Materials and Methods

Chemicals.

Phenobarbital, pentoxyresorfin, midazolam, paclitaxel, phosphate-buffered saline, NADPH, potassium phosphate, magnesium chloride, formic acid, and acetonitrile were purchased from Sigma (Sigma-Aldrich, St. Louis, MO). TRIzol reagent was obtained from Life Technologies (Life Technologies, Guilford, CT).

Animals.

Eight-week-old C57BL/6 mouse breeding pairs were purchased from Jackson Laboratory (Bar Harbor, ME). Mice were housed according to the animal care guidelines provided by the American Association for Animal Laboratory Sciences and were bred under standard conditions in the Laboratory Animal Resources Facility at the University of Connecticut. The use of these mice was approved by the Institutional Animal Care and Use Committee, Office of Research Compliance. A total of 160 mice from 40–42 different litters were assigned randomly to control and phenobarbital treatment groups per sex. In a study with phenobarbital treatment at different doses, C57BL/6 male and female mice on day 5 after birth (n = 5–8 mice per group) were intraperitoneally injected with different doses of phenobarbital (20, 60, 100, 140, 200, and 250 mg/kg) dissolved in saline or saline alone (control). In a study with phenobarbital treatment at different ages, C57BL/6 male and female mice (n = 5–8) were treated with a fixed dose of phenobarbital at 200 mg/kg at different ages (day 5, 10, 15, 20, and 25 after birth). In a study with phenobarbital treatment at multiple ages, male mice (n = 5–8) were injected with phenobarbital at 200 mg/kg at days 5, 15, and 25 after birth. At day 60 after birth, all mice were killed and liver tissues were harvested for measurement of mRNAs, proteins, and in vitro enzyme activities of Cyp2b, Cyp2c, and Cyp3a.

Quantitative Real-time Polymerase Chain Reaction.

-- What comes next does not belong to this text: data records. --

lemma nonzero_spec_classical_channel:
  assumes sim: "similar_mat_wit (mat 4 4 (\<lambda>(i, j). complex_of_real (s i j))) U P Q"
    and U: "upper_triangular U" "U \<in> carrier_mat 4 4"
  shows "filter_mset (\<lambda>z. z \<noteq> 0) (spec_mset4 (classical_channel s)) =
    filter_mset (\<lambda>z. z \<noteq> 0) {#U $$ (0, 0), U $$ (1, 1), U $$ (2, 2), U $$ (3, 3)#}"
proof -
  have "similar_mat (rep_mat4 (classical_channel s)) (lift16 0 U)"
    unfolding similar_mat_def rep_mat4_classical_channel
    using similar_mat_wit_lift16[OF sim] by auto
  then have "char_poly (rep_mat4 (classical_channel s)) = char_poly (lift16 0 U)"
    by (rule char_poly_similar)
  also have "\<dots> = (\<Prod>a\<leftarrow>diag_mat (lift16 0 U). [:- a, 1:])"
    by (rule char_poly_upper_triangular[OF lift16_carrier lift16_upper_triangular[OF U]])
  also have "\<dots> = (\<Prod>a\<in>#mset (diag_mat (lift16 0 U)). [:- a, 1:])"
    by (simp add: prod_mset_prod_list[symmetric])
  finally have "spec_mset4 (classical_channel s) = mset (diag_mat (lift16 0 U))"
    by (rule spec_mset4_eqI)
  then show ?thesis by (simp add: nonzero_diag_lift16)
qed

section \<open>Reduction to stochastic matrices\<close>

definition realizable :: "real \<Rightarrow> real \<Rightarrow> real \<Rightarrow> bool" where
  "realizable a b c \<longleftrightarrow> (\<exists>T. lin_map4 T \<and> completely_positive4 T \<and> trace_preserving4 T \<and>
     filter_mset (\<lambda>z. z \<noteq> 0) (spec_mset4 T) =
       {#1, complex_of_real a, complex_of_real b, complex_of_real c#})"

lemma realizable_swap23: "realizable a b c \<Longrightarrow> realizable a c b"
  and realizable_swap12: "realizable a b c \<Longrightarrow> realizable b a c"
  unfolding realizable_def by (simp_all add: add_mset_commute)

lemma realizable_by_stochastic:
  assumes "stochastic4 s"
    and "similar_mat_wit (mat 4 4 (\<lambda>(i, j). complex_of_real (s i j))) U P Q"
    and "upper_triangular U" "U \<in> carrier_mat 4 4"
    and "U $$ (0, 0) = 1" "U $$ (1, 1) = complex_of_real a"
    and "U $$ (2, 2) = complex_of_real b" "U $$ (3, 3) = complex_of_real c"
    and "a \<noteq> 0" "b \<noteq> 0" "c \<noteq> 0"
  shows "realizable a b c"
  unfolding realizable_def
proof (intro exI conjI)
  show "lin_map4 (classical_channel s)"
    by (rule classical_channel_linear)
  show "completely_positive4 (classical_channel s)"
    using assms(1) by (intro classical_channel_completely_positive) (auto simp: stochastic4_def)
  show "trace_preserving4 (classical_channel s)"
    using assms(1) by (intro classical_channel_trace_preserving) (auto simp: stochastic4_def)
  show "filter_mset (\<lambda>z. z \<noteq> 0) (spec_mset4 (classical_channel s)) =
      {#1, complex_of_real a, complex_of_real b, complex_of_real c#}"
    using nonzero_spec_classical_channel[OF assms(2-4)] assms(5-) by simp
qed
text \<open>States are the finite type 's (S = UNIV), actions the finite type 'a (A = UNIV),
  atomic propositions the type 'ap; L :: 's => 'ap set is the labelling and
  I :: 's => 'a => 's => real set the interval function.\<close>

definition is_IMDP :: "('s::finite \<Rightarrow> 'a::finite \<Rightarrow> 's \<Rightarrow> real set) \<Rightarrow> bool" where
  "is_IMDP I \<longleftrightarrow>
     (\<forall>s a s'. is_interval (I s a s') \<and> I s a s' \<subseteq> {0..1}) \<and>
     (\<forall>s a. \<exists>\<mu>::'s pmf. \<forall>s'. pmf \<mu> s' \<in> I s a s')"

definition Gamma :: "('s \<Rightarrow> 'a \<Rightarrow> 's \<Rightarrow> real set) \<Rightarrow> 's \<Rightarrow> 'a \<Rightarrow> 's pmf set" where
  "Gamma I s a = {\<mu>. \<forall>s'. pmf \<mu> s' \<in> I s a s'}"

text \<open>Finite paths are nonempty lists, infinite paths are streams.\<close>

type_synonym ('s,'a) scheduler = "'s list \<Rightarrow> 'a pmf"
type_synonym ('s,'a) nature = "'s list \<Rightarrow> 'a \<Rightarrow> 's pmf"

definition natures :: "('s \<Rightarrow> 'a \<Rightarrow> 's \<Rightarrow> real set) \<Rightarrow> ('s,'a) nature set" where
  "natures I = {\<pi>. \<forall>\<omega> a. \<omega> \<noteq> [] \<longrightarrow> \<pi> \<omega> a \<in> Gamma I (last \<omega>) a}"

definition Cyl :: "'s list \<Rightarrow> 's stream set" where
  "Cyl \<omega> = {x. stake (length \<omega>) x = \<omega>}"

definition path_measure_spec ::
  "'s::finite \<Rightarrow> ('s,'a::finite) scheduler \<Rightarrow> ('s,'a) nature \<Rightarrow> 's stream measure \<Rightarrow> bool" where
  "path_measure_spec s \<sigma> \<pi> M \<longleftrightarrow>
     sets M = sets (stream_space (count_space UNIV)) \<and> prob_space M \<and>
     (\<forall>s'. measure M (Cyl [s']) = (if s' = s then 1 else 0)) \<and>
     (\<forall>\<omega> s'. \<omega> \<noteq> [] \<longrightarrow>
        measure M (Cyl (\<omega> @ [s'])) =
          measure M (Cyl \<omega>) * (\<Sum>a\<in>UNIV. pmf (\<sigma> \<omega>) a * pmf (\<pi> \<omega> a) s'))"

definition Pr :: "'s::finite \<Rightarrow> ('s,'a::finite) scheduler \<Rightarrow> ('s,'a) nature \<Rightarrow> 's stream measure" where
  "Pr s \<sigma> \<pi> = (THE M. path_measure_spec s \<sigma> \<pi> M)"

datatype cmp = LeC | LtC | GeC | GtC

fun cmp_holds :: "cmp \<Rightarrow> real \<Rightarrow> real \<Rightarrow> bool" where
  "cmp_holds LeC x p = (x \<le> p)"
| "cmp_holds LtC x p = (x < p)"
| "cmp_holds GeC x p = (x \<ge> p)"
| "cmp_holds GtC x p = (x > p)"

datatype 'ap state_formula =
    TT
  | Atom 'ap
  | Neg "'ap state_formula"
  | And "'ap state_formula" "'ap state_formula"
  | Prob cmp rat "'ap path_formula"
and 'ap path_formula =
    Next "'ap state_formula"
  | Until "'ap state_formula" "'ap state_formula"
  | BUntil "'ap state_formula" nat "'ap state_formula"

primrec wf_state :: "'ap state_formula \<Rightarrow> bool"
  and wf_path :: "'ap path_formula \<Rightarrow> bool" where
  "wf_state TT = True"
| "wf_state (Atom x) = True"
| "wf_state (Neg f) = wf_state f"
| "wf_state (And f g) = (wf_state f \<and> wf_state g)"
| "wf_state (Prob c p \<psi>) = (0 \<le> p \<and> p \<le> 1 \<and> wf_path \<psi>)"
| "wf_path (Next f) = wf_state f"
| "wf_path (Until f g) = (wf_state f \<and> wf_state g)"
| "wf_path (BUntil f k g) = (wf_state f \<and> wf_state g)"

text \<open>Satisfaction |=_(forall). Streams are 0-indexed: snth w j is s_{j+1} of the paper,
  so "i <= k with i >= 1" becomes "j < k".\<close>
primrec sat_state :: "('s::finite \<Rightarrow> 'a::finite \<Rightarrow> 's \<Rightarrow> real set) \<Rightarrow> ('s \<Rightarrow> 'ap set)
      \<Rightarrow> 's \<Rightarrow> 'ap state_formula \<Rightarrow> bool"
  and sat_path :: "('s::finite \<Rightarrow> 'a::finite \<Rightarrow> 's \<Rightarrow> real set) \<Rightarrow> ('s \<Rightarrow> 'ap set)
      \<Rightarrow> 's stream \<Rightarrow> 'ap path_formula \<Rightarrow> bool" where
  "sat_state I L s TT = True"
| "sat_state I L s (Atom x) = (x \<in> L s)"
| "sat_state I L s (Neg f) = (\<not> sat_state I L s f)"
| "sat_state I L s (And f g) = (sat_state I L s f \<and> sat_state I L s g)"
| "sat_state I L s (Prob c p \<psi>) =
     (\<forall>\<sigma> :: ('s,'a) scheduler. \<forall>\<pi> \<in> natures I.
        cmp_holds c (measure (Pr s \<sigma> \<pi>) {w. sat_path I L w \<psi>}) (of_rat p))"
| "sat_path I L w (Next f) = sat_state I L (w !! 1) f"
| "sat_path I L w (Until f g) =
     (\<exists>j. sat_state I L (w !! j) g \<and> (\<forall>i<j. sat_state I L (w !! i) f))"
| "sat_path I L w (BUntil f k g) =
     (\<exists>j<k. sat_state I L (w !! j) g \<and> (\<forall>i<j. sat_state I L (w !! i) f))"

definition pmf_vec :: "'s::finite pmf \<Rightarrow> real ^ 's" where
  "pmf_vec \<mu> = (\<chi> x. pmf \<mu> x)"

definition coop_step :: "('s::finite \<Rightarrow> 'a::finite \<Rightarrow> 's \<Rightarrow> real set) \<Rightarrow> 's \<Rightarrow> 's pmf \<Rightarrow> bool" where
  "coop_step I s \<mu> \<longleftrightarrow> pmf_vec \<mu> \<in> convex hull (\<Union>a. pmf_vec ` Gamma I s a)"

definition forall_bisimulation ::
  "('s::finite \<Rightarrow> 'a::finite \<Rightarrow> 's \<Rightarrow> real set) \<Rightarrow> ('s \<Rightarrow> 'ap set) \<Rightarrow> 's rel \<Rightarrow> bool" where
  "forall_bisimulation I L R \<longleftrightarrow> equiv UNIV R \<and>
     (\<forall>(s,t)\<in>R. L s = L t \<and>
        (\<forall>\<mu>. coop_step I s \<mu> \<longrightarrow>
           (\<exists>\<nu>. coop_step I t \<nu> \<and>
              (\<forall>C\<in>UNIV // R. measure_pmf.prob \<mu> C = measure_pmf.prob \<nu> C))))"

Total RNAs were isolated from same sections of livers without gallbladders at day 60 after various treatments of phenobarbital using TRIzol reagent (Life Technologies) according to the manufacturer's protocol. RNA concentrations were quantified using a Nano Drop spectrophotometer (Nano Drop Technologies, Wilmington, DE) at a wavelength of 260 nm. The integrity of the total RNAs was evaluated on an Agilent 2200 Tape Station (Agilent Technologies, Santa Clara, CA). Gene expression at the mRNA level of the Cyp2b10, Cyp2c29, Cyp3a11, and Gapdh genes was determined by TaqMan assay according to the manufacturer's protocol (Life Technologies). Data were analyzed by the delta delta Ct (ΔΔCt) method for relative quantifications. The values for all P450s genes were analyzed against Gapdh values.

Western Blot Analysis.

Expression of Cyp2b10 and Cyp3a11 at the protein level in three random selected male mouse livers was determined by Western blot. Total cellular proteins were isolated from the same sections of the mouse liver tissues based on the manufacture protocol (Life Technologies). Protein concentration was determined by a Qubit Protein Assay Kit (Life Technologies). The extracted proteins (40 μg/ml) were separated on a 12% SDS-PAGE gel using the Bio-Rad electrophoresis system and electro-blotted onto a PVDF membrane by the Bio-Rad transfer system (Bio-Rad, Hercules, CA). The membranes were blocked with 5% nonfat milk at room temperature for 1 hour followed by incubation with a primary antibody against Cyp3a11 (1:1000) or Cyp2b10 (1:1500) (Millipore Corporation, Bedford, MA). Gapdh antibody (Sigma-Aldrich) was used as a loading control for normalization (1:3000). Immunoreactive bands were detected by chemiluminescence using corresponding horseradish peroxidase-conjugated secondary antibodies (1:3000) (Sigma-Aldrich). The Western blot signals were quantified using Image J software (http://imagej.nih.gov/ij/index.html).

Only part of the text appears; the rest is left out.